No importaba, pues no albergaba ningún temor de haber perdido práctica. Era sólo que, mirando atrás, se sorprendía de su falta de motivación.
Todos estos pensamientos pasaron por su mente en un instante sin afectar a su velocidad de reacción.
Tathlyn saltó hacia atrás para ponerse fuera de su alcance mientras uno de sus compañeros arremetía contra Ryld. Era como si todos ellos pretendieran luchar, lo cual probablemente significaba que todos eran parientes y subordinados del maestro de armas de la casa Godeep. De otro modo, uno o más se hubieran mantenido en un segundo plano.
Ryld esquivó rápidamente la salvaje estocada que su rival le dirigía a la cabeza, desenvainó su espada corta en forma de hoja y atacó. El impulso que llevaba Godeep en su embate, la fuerza y la habilidad de Ryld, así como el filo mágico de su espada, dieron como resultado que el arma de Ryld se clavara profundamente en la parte interior del codo derecho de su rival. Aunque la espada corta no era su arma favorita —estaba encantada para herir incluso a espíritus incorpóreos—, era una buena espada. Del pinchazo empezó a manar la sangre y, trastabillando, Godeep dejó caer el alfanje que empuñaba. De hecho, hubiese sido más sencillo matar a ese mequetrefe que tan sólo herirlo, pero Ryld se hallaba en misión secreta, y un homicidio descarado atraería mucha más atención que una simple reyerta de taberna.
Tathlyn y sus otros dos compañeros vieron su oportunidad y se lanzaron al ataque. Ryld sabía que no tenía tiempo para liberar la espada corta del brazo de su víctima. Lo que hizo fue envolver al herido en un irregular globo de oscuridad y empujarlo hacia sus compañeros.
Ryld era tan incapaz de penetrar el campo de oscuridad como sus adversarios, pero asomándose por los bordes vio cómo el herido chocaba contra sus compañeros y los hacía trastabillar. El susto que les dio se sumó a la súbita ceguera. Eso dio al maestro de armas el tiempo que necesitaba para girar sobre sus talones, hacerse cargo del estorbo que representaban los numerosos muebles, observar a los jugadores de sava, que lo miraban boquiabiertos, y subirse de un salto a la mesa sobre la que descansaba el tablero con su propia partida. Sus pies destruyeron la trampa que tan astutamente había tendido al comerciante. Las piezas se esparcieron ruidosamente por el tablero y cayeron al suelo.

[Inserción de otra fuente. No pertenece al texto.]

lemma lin_map_eq_scale_if_choi_eq_scale:
  assumes "lin_map \<Phi>" "lin_map \<Psi>" "choi \<Phi> = (\<lambda>p q. c * choi \<Psi> p q)"
  shows "\<Phi> = (\<lambda>\<rho> i j. c * \<Psi> \<rho> i j)"
proof
  fix \<rho>
  have "\<Phi> (matrix_unit a b) k l = c * \<Psi> (matrix_unit a b) k l" for a b k l
    using fun_cong[OF fun_cong[OF assms(3), of "(a,k)"], of "(b,l)"] by (simp add: choi_def)
  then show "\<Phi> \<rho> = (\<lambda>i j. c * \<Psi> \<rho> i j)"
    by (subst lin_map_expansion[OF assms(1)], subst lin_map_expansion[OF assms(2)])
      (simp add: sum_distrib_left mult_ac)
qed

lemma psd_iff_sesq: "psd M \<longleftrightarrow> (\<forall>w. 0 \<le> sesq M w w)"
  unfolding psd_def psd_on_def sesq_def ..

lemma psd_tr_nonneg: "psd M \<Longrightarrow> 0 \<le> tr M"
  unfolding tr_def psd_iff_sesq by (metis sesq_basis_vec sum_nonneg)

lemma sum_single_block: "(\<Sum>p\<in>{..<1::nat} \<times> UNIV. f p) = (\<Sum>k\<in>UNIV. f (0, k))"
proof -
  have block: "{..<1::nat} \<times> UNIV = Pair 0 ` UNIV" by auto
  show ?thesis by (simp only: block) (simp add: sum.reindex inj_on_def)
qed

lemma completely_positive_imp_psd:
  fixes \<Phi> :: "('a::finite,'a) cmat \<Rightarrow> ('b::finite,'b) cmat"
  assumes "completely_positive \<Phi>" "psd \<rho>"
  shows "psd (\<Phi> \<rho>)"
proof -
  define X :: "(nat \<times> 'a, nat \<times> 'a) cmat" where "X p q = \<rho> (snd p) (snd q)" for p q
  have "psd_on ({..<1} \<times> UNIV) X"
    using assms(2) unfolding psd_on_def psd_def sum_single_block X_def
    by (auto elim!: allE[of _ "\<lambda>k. _ (0, k)"])
  then have "psd_on ({..<1} \<times> UNIV) (\<lambda>(i,k) (j,l). \<Phi> (\<lambda>k' l'. X (i,k') (j,l')) k l)"
    using assms(1) unfolding completely_positive_def by blast
  then have "0 \<le> (\<Sum>k\<in>UNIV. \<Sum>l\<in>UNIV. cnj (v k) * \<Phi> \<rho> k l * v l)" for v
    unfolding psd_on_def sum_single_block X_def by (auto dest: spec[of _ "\<lambda>p. v (snd p)"])
  then show ?thesis unfolding psd_def psd_on_def by blast
qed

lemma completely_positive_summand_of_kraus_map:
  fixes \<Phi> :: "'y::finite \<Rightarrow> ('h::finite,'h) cmat \<Rightarrow> ('k::finite,'k) cmat"
  assumes cp: "\<And>y. completely_positive (\<Phi> y)"
    and sum: "(\<lambda>\<rho> i j. \<Sum>y\<in>UNIV. \<Phi> y \<rho> i j) = (\<lambda>\<rho>. mmult (mmult K \<rho>) (adj K))"
  shows "\<exists>t\<ge>0. \<Phi> y = (\<lambda>\<rho> i j. complex_of_real t * mmult (mmult K \<rho>) (adj K) i j)"
proof -
  define v :: "'h \<times> 'k \<Rightarrow> complex" where "v p = K (snd p) (fst p)" for p
  have "(\<lambda>p q. \<Sum>y'\<in>UNIV. choi (\<Phi> y') p q) = choi (\<lambda>\<rho>. mmult (mmult K \<rho>) (adj K))"
    unfolding sum[symmetric] choi_def ..
  also have "\<dots> = (\<lambda>p q. v p * cnj (v q))" by (simp add: choi_kraus v_def)
  finally have choi_sum: "(\<lambda>p q. \<Sum>y'\<in>UNIV. choi (\<Phi> y') p q) = (\<lambda>p q. v p * cnj (v q))" .
  have "sesq (choi (\<Phi> y)) w w \<le> braket w v * cnj (braket w v)" for w
  proof -
    have "sesq (choi (\<Phi> y)) w w \<le> (\<Sum>y'\<in>UNIV. sesq (choi (\<Phi> y')) w w)"
      by (rule member_le_sum) (simp_all add: choi_psd cp)
    also have "\<dots> = braket w v * cnj (braket w v)"
      by (simp only: sesq_sum[symmetric] choi_sum sesq_outer)
    finally show ?thesis .
  qed
  then obtain t where "t \<ge> 0" and "\<And>p q. choi (\<Phi> y) p q = complex_of_real t * v p * cnj (v q)"
    using psd_dominated_by_rank_one[of "choi (\<Phi> y)" v] choi_psd[OF cp] by blast
  then have "choi (\<Phi> y) = (\<lambda>p q. complex_of_real t * choi (\<lambda>\<rho>. mmult (mmult K \<rho>) (adj K)) p q)"
    by (simp add: choi_kraus v_def fun_eq_iff mult.assoc)
  moreover have "lin_map (\<Phi> y)" using cp completely_positive_def by blast
  ultimately show ?thesis
    using \<open>t \<ge> 0\<close> lin_map_eq_scale_if_choi_eq_scale[OF _ lin_map_kraus] by blast
qed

Se bajó por el otro lado, asió a Tajadora y giró para hacer frente a sus enemigos. En un movimiento demasiado rápido para poder ser seguido por el ojo, desenvainó la más fiable de sus armas y se puso en guardia. Era una espada de tamaño mayor que el habitual, pero tan bien equilibrada, que la notaba ligera como una daga.
Ryld oyó cómo los parroquianos empezaban a gritar palabras de ánimo o insultos a los combatientes. Un par de espabilados recogían apuestas.
Los tres adversarios que aún quedaban en pie se quitaron de encima sin miramientos a su pariente envuelto en el globo de oscuridad y avanzaron con seguridad, confiando en poder acorralar al maestro de esgrima contra la pared. El situado más a la izquierda se retrasó un poco, reacio a luchar, aunque no daba la impresión de que daría media vuelta y echaría a correr a menos que Tathlyn se lo ordenara, o que viera a su jefe caer bajo la afilada Tajadora.
Ryld no tenía ninguna intención de dejarse atrapar, por lo que se apartó de la pared del mismo modo que se había acercado a ella: saltando a otra mesa para bajar por el otro lado.
Al llegar al borde opuesto se encontró con un estoque preparado para ensartarlo cuando se bajara de la mesa. El Godeep que lo empuñaba —el más osado de los dos parientes de Tathlyn— era rápido y había concebido una buena táctica. Ryld llevaba tanto impulso que probablemente no podría detenerse para evitar ir derecho hacia el estoque.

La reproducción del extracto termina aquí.